Question

Downloading Multiple ZIP files from URLs

8 years ago
May 3, 2017
17 replies
309 views

dunuts
18 replies

Hi all,

I've got a problem that I'm trying to solve. I need to download a large number (circa 50) zip files from this website. They all follows the same format, it's

http://data.inspire.landregistry.gov.uk/Abertawe_-_Swansea.zip. In each zip file is a GML for that local authority area. I need to download each of them and merge them as one feature in a file geodatabase.
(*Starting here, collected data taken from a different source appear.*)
lemma commutator_G:
  assumes "x \<in> carrier G" "y \<in> carrier G"
  shows "\<exists>c\<in>A. x \<otimes>\<^bsub>G\<^esub> y = emb c \<otimes>\<^bsub>G\<^esub> (y \<otimes>\<^bsub>G\<^esub> x)"
proof -
  obtain a b d a' b' d' where xy: "x = (a, b, d)" "y = (a', b', d')"
    by (metis prod_cases3)
  have inA: "a \<in> A" "a' \<in> A"
    and carr: "a \<in> carrier B" "a' \<in> carrier B" "b \<in> carrier B" "b' \<in> carrier B"
    using assms xy A_subset by (auto simp: carrier_G)
  define c where "c = a' [^]\<^bsub>B\<^esub> d \<otimes>\<^bsub>B\<^esub> inv\<^bsub>B\<^esub> (a [^]\<^bsub>B\<^esub> d')"
  have "c \<in> A"
    using inA subgroup_A by (simp add: c_def subgroup.m_closed subgroup.m_inv_closed A_nat_pow_closed)
  moreover have "b \<otimes>\<^bsub>B\<^esub> a' [^]\<^bsub>B\<^esub> d \<otimes>\<^bsub>B\<^esub> b' = c \<otimes>\<^bsub>B\<^esub> (b' \<otimes>\<^bsub>B\<^esub> a [^]\<^bsub>B\<^esub> d' \<otimes>\<^bsub>B\<^esub> b)"
  proof -
    have "c \<otimes>\<^bsub>B\<^esub> a [^]\<^bsub>B\<^esub> d' = a' [^]\<^bsub>B\<^esub> d"
      using carr by (simp add: c_def B.m_assoc)
    then show ?thesis
      using carr by (simp add: c_def B.m_ac)
  qed
  moreover have "y \<otimes>\<^bsub>G\<^esub> x \<in> carrier G" "c \<in> carrier B"
    using assms \<open>c \<in> A\<close> A_subset by auto
  ultimately show ?thesis
    using xy carr
    by (intro bexI[of _ c]) (auto simp: mult_G emb_mult_left B.m_comm[of a a'] add.commute[of d])
qed

lemma derived_set_G: "derived_set G (carrier G) = emb ` A"
proof
  show "derived_set G (carrier G) \<subseteq> emb ` A"
  proof
    fix z assume "z \<in> derived_set G (carrier G)"
    then obtain x y where xy: "x \<in> carrier G" "y \<in> carrier G" "z \<in> carrier G"
      and eq: "x \<otimes>\<^bsub>G\<^esub> y = z \<otimes>\<^bsub>G\<^esub> (y \<otimes>\<^bsub>G\<^esub> x)"
      unfolding G.derived_set_carrier_iff by blast
    obtain c where c: "c \<in> A" "x \<otimes>\<^bsub>G\<^esub> y = emb c \<otimes>\<^bsub>G\<^esub> (y \<otimes>\<^bsub>G\<^esub> x)"
      using commutator_G[OF xy(1,2)] by blast
    then have "z = emb c"
      using eq xy emb_closed A_subset by auto
    with c show "z \<in> emb ` A" by blast
  qed
  show "emb ` A \<subseteq> derived_set G (carrier G)"
  proof
    fix z assume "z \<in> emb ` A"
    then obtain c where c: "c \<in> A" "z = emb c" by blast
    show "z \<in> derived_set G (carrier G)"
    proof (cases "q = 1")
      case True
      then have "z = \<one>\<^bsub>G\<^esub> \<otimes>\<^bsub>G\<^esub> \<one>\<^bsub>G\<^esub> \<otimes>\<^bsub>G\<^esub> inv\<^bsub>G\<^esub> \<one>\<^bsub>G\<^esub> \<otimes>\<^bsub>G\<^esub> inv\<^bsub>G\<^esub> \<one>\<^bsub>G\<^esub>"
        using pow_q_eq_one[OF c(1)] c A_subset by (auto simp: emb_one)
      then show ?thesis by blast
    next
      case False
      then have q: "1 < q"
        using q_gt_0 by linarith
      let ?x = "(\<one>\<^bsub>B\<^esub>, \<one>\<^bsub>B\<^esub>, 1)" and ?y = "(c, \<one>\<^bsub>B\<^esub>, 0)"
      have "?x \<in> carrier G" "?y \<in> carrier G"
        using q q_gt_0 c subgroup.one_closed[OF subgroup_A] by (auto simp: carrier_G)
      moreover have "?x \<otimes>\<^bsub>G\<^esub> ?y = z \<otimes>\<^bsub>G\<^esub> (?y \<otimes>\<^bsub>G\<^esub> ?x)"
        using q q_gt_0 c A_subset by (auto simp: mult_G emb_def)
      ultimately show ?thesis
        using c emb_closed A_subset unfolding G.derived_set_carrier_iff by blast
    qed
  qed
qed

lemma emb_vimage_split:
  assumes S: "S \<subseteq> carrier B"
    and split: "\<forall>z\<in>emb ` S. \<exists>x\<in>H \<inter> emb ` S. \<exists>y\<in>K \<inter> emb ` S. z = x \<otimes>\<^bsub>G\<^esub> y"
  shows "S \<subseteq> {b \<in> S. emb b \<in> H} <#>\<^bsub>B\<^esub> {b \<in> S. emb b \<in> K}"
proof
  fix b assume b: "b \<in> S"
  then obtain x y where xy: "x \<in> S" "y \<in> S" "emb x \<in> H" "emb y \<in> K" "emb b = emb x \<otimes>\<^bsub>G\<^esub> emb y"
    using split by blast
  have "x \<in> carrier B" "y \<in> carrier B"
    using S xy(1,2) by blast+
  then have "b = x \<otimes>\<^bsub>B\<^esub> y"
    using xy(5) emb_mult by simp
  with xy show "b \<in> {b \<in> S. emb b \<in> H} <#>\<^bsub>B\<^esub> {b \<in> S. emb b \<in> K}"
    unfolding set_mult_def by blast
qed

lemma emb_vimage_nontrivial:
  assumes "internal_direct_product G H K" and "H \<noteq> {\<one>\<^bsub>G\<^esub>}"
  shows "{b \<in> carrier B. emb b \<in> H} \<noteq> {\<one>\<^bsub>B\<^esub>}"
proof
  assume trivial: "{b \<in> carrier B. emb b \<in> H} = {\<one>\<^bsub>B\<^esub>}"
  have "H \<inter> center G \<subseteq> {\<one>\<^bsub>G\<^esub>}"
  proof
    fix z assume "z \<in> H \<inter> center G"
    then obtain b where "b \<in> carrier B" "emb b \<in> H" "z = emb b"
      by (auto simp: center_G)
    moreover from this have "b = \<one>\<^bsub>B\<^esub>"
      using trivial by blast
    ultimately show "z \<in> {\<one>\<^bsub>G\<^esub>}"
      using emb_one by simp
  qed
  moreover have "derived_set G (carrier G) \<subseteq> center G"
    using A_subset by (auto simp: derived_set_G center_G)
  ultimately show False
    using internal_direct_product.trivial_if_center_trivial[OF assms(1)] assms(2) by blast
qed

lemma internal_direct_product_not_S_indecomposable:
  assumes HK: "internal_direct_product G H K"
    and nontrivial: "H \<noteq> {\<one>\<^bsub>G\<^esub>}" "K \<noteq> {\<one>\<^bsub>G\<^esub>}"
  shows "\<not> S_indecomposable p n A B"
proof -
  interpret internal_direct_product G H K
    by (rule HK)
  define B1 where "B1 = {b \<in> carrier B. emb b \<in> H}"
  define B2 where "B2 = {b \<in> carrier B. emb b \<in> K}"
  have subgroups: "subgroup B1 B" "subgroup B2 B"
    unfolding B1_def B2_def
    using group_hom.subgroup_vimage[OF emb_hom] subgroup_left subgroup_right by blast+
  have inter: "B1 \<inter> B2 \<subseteq> {\<one>\<^bsub>B\<^esub>}"
  proof
    fix b assume "b \<in> B1 \<inter> B2"
    then have "emb b = emb \<one>\<^bsub>B\<^esub>"
      using inter_trivial emb_one by (auto simp: B1_def B2_def)
    then show "b \<in> {\<one>\<^bsub>B\<^esub>}" by simp
  qed
  have "carrier B \<subseteq> B1 <#>\<^bsub>B\<^esub> B2"
    unfolding B1_def B2_def
    using emb_vimage_split[OF subset_refl] center_split[unfolded center_G] by blast
  then have sum: "B1 <#>\<^bsub>B\<^esub> B2 = carrier B"
    using B.set_mult_closed[of B1 B2] by (auto simp: B1_def B2_def)
  have "A \<subseteq> {b \<in> A. emb b \<in> H} <#>\<^bsub>B\<^esub> {b \<in> A. emb b \<in> K}"
    using derived_set_split[unfolded derived_set_G] by (intro emb_vimage_split[OF A_subset]) blast
  moreover have "{b \<in> A. emb b \<in> H} = A \<inter> B1" "{b \<in> A. emb b \<in> K} = A \<inter> B2"
    using A_subset by (auto simp: B1_def B2_def)
  ultimately have A_split: "A \<subseteq> (A \<inter> B1) <#>\<^bsub>B\<^esub> (A \<inter> B2)"
    by simp
  have "B1 \<noteq> {\<one>\<^bsub>B\<^esub>}" "B2 \<noteq> {\<one>\<^bsub>B\<^esub>}"
    unfolding B1_def B2_def using emb_vimage_nontrivial HK swap nontrivial by blast+
  then show ?thesis
    by (rule internal_sum_not_S_indecomposable[OF S_obj subgroups inter sum A_split])
qed

lemma group_indecomposable_G:
  assumes indec: "S_indecomposable p n A B"
  shows "group_indecomposable G"
  unfolding group_indecomposable_def
proof (intro conjI notI)
  obtain b where b: "b \<in> carrier B" "b \<noteq> \<one>\<^bsub>B\<^esub>"
    using indec B.one_closed by (auto simp: S_indecomposable_def S_nonzero_def)
  assume "carrier G = {\<one>\<^bsub>G\<^esub>}"
  then show False
    using emb_closed[OF b(1)] b(2) by (simp flip: emb_one)
next
  assume "\<exists>H K. H \<lhd> G \<and> K \<lhd> G \<and> H \<noteq> {\<one>\<^bsub>G\<^esub>} \<and> K \<noteq> {\<one>\<^bsub>G\<^esub>} \<and>
    H \<inter> K = {\<one>\<^bsub>G\<^esub>} \<and> H <#>\<^bsub>G\<^esub> K = carrier G"
  then obtain H K where "internal_direct_product G H K" "H \<noteq> {\<one>\<^bsub>G\<^esub>}" "K \<noteq> {\<one>\<^bsub>G\<^esub>}"
    by (auto simp: internal_direct_product_def internal_direct_product_axioms_def group_G)
  then show False
    using internal_direct_product_not_S_indecomposable indec by blast
qed

end

locale S_object_pair = X: S_object p n A B + Y: S_object p n' A' B'
  for p n n' :: nat and A :: "'a set" and B :: "'a monoid" and A' :: "'b set" and B' :: "'b monoid"
begin

lemma S_iso_imp_Gconstr_iso:
  assumes "S_iso A B A' B'"
  shows "X.G \<cong> Y.G"
proof -
  obtain f where f: "f \<in> iso B B'" and fA: "f ` A = A'"
    using S_iso_iff_iso[OF X.B.is_group X.A_subset Y.A_subset] assms by blast
  interpret f: group_hom B B' f
    using f by (simp add: group_hom_def group_hom_axioms_def iso_imp_homomorphism X.B.is_group Y.B.is_group)
  have bij: "bij_betw f (carrier B) (carrier B')" and inj: "inj_on f (carrier B)"
    using f by (auto simp: iso_def bij_betw_def)
  have q: "Y.q = X.q"
    using sub_exp_iso_image[OF X.B.is_group Y.B.is_group f X.A_subset] fA by simp
  have "bij_betw f A A'"
    using inj_on_subset[OF inj X.A_subset] fA by (simp add: bij_betw_def)
  define \<phi> where "\<phi> = map_prod f (map_prod f (id :: nat \<Rightarrow> nat))"
  have bij_\<phi>: "bij_betw \<phi> (carrier X.G) (carrier Y.G)"
    unfolding \<phi>_def X.carrier_G Y.carrier_G q
    by (intro bij_betw_map_prod \<open>bij_betw f A A'\<close> bij bij_betw_id)
  have "\<phi> \<in> hom X.G Y.G"
  proof (rule homI)
    show "\<phi> x \<in> carrier Y.G" if "x \<in> carrier X.G" for x
      using bij_betw_apply[OF bij_\<phi> that] .
    fix x y assume "x \<in> carrier X.G" "y \<in> carrier X.G"
    moreover obtain a b d a' b' d' where "x = (a, b, d)" "y = (a', b', d')"
      by (metis prod_cases3)
    ultimately show "\<phi> (x \<otimes>\<^bsub>X.G\<^esub> y) = \<phi> x \<otimes>\<^bsub>Y.G\<^esub> \<phi> y"
      using q
      by (auto simp: \<phi>_def X.carrier_G X.mult_G Y.mult_G f.hom_nat_pow dest!: subsetD[OF X.A_subset])
  qed
  with bij_\<phi> show ?thesis
    unfolding is_iso_def iso_def by blast
qed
I have already tried going through manually and saving the URLs to a CSV and then using the below workbench.

1. CSV Reader.

2. HTTP Caller with the following settings:

3. Feature Reader with the following settings:

3. Attribute Creator using the 'fme_dataset' as the new attribute called 'Local Authority'. This obviously creates a large file path in the following format:

I:\\UK\\OutsideLondon\\Land_Ownership\\Out_East_1\\Data\\Inspire\\Gravesham.zip\\Land_Registry_Cadastral_Parcels.gml.

I would then like to use a StringSearcher to strip out everything except 'Gravesham' so that I only have the local authority name as an attribute.

I then use a ESRIReprojector to set the projection and finally a file geodatabase writer with the geometry as a polygon and the user attributes set to automatic.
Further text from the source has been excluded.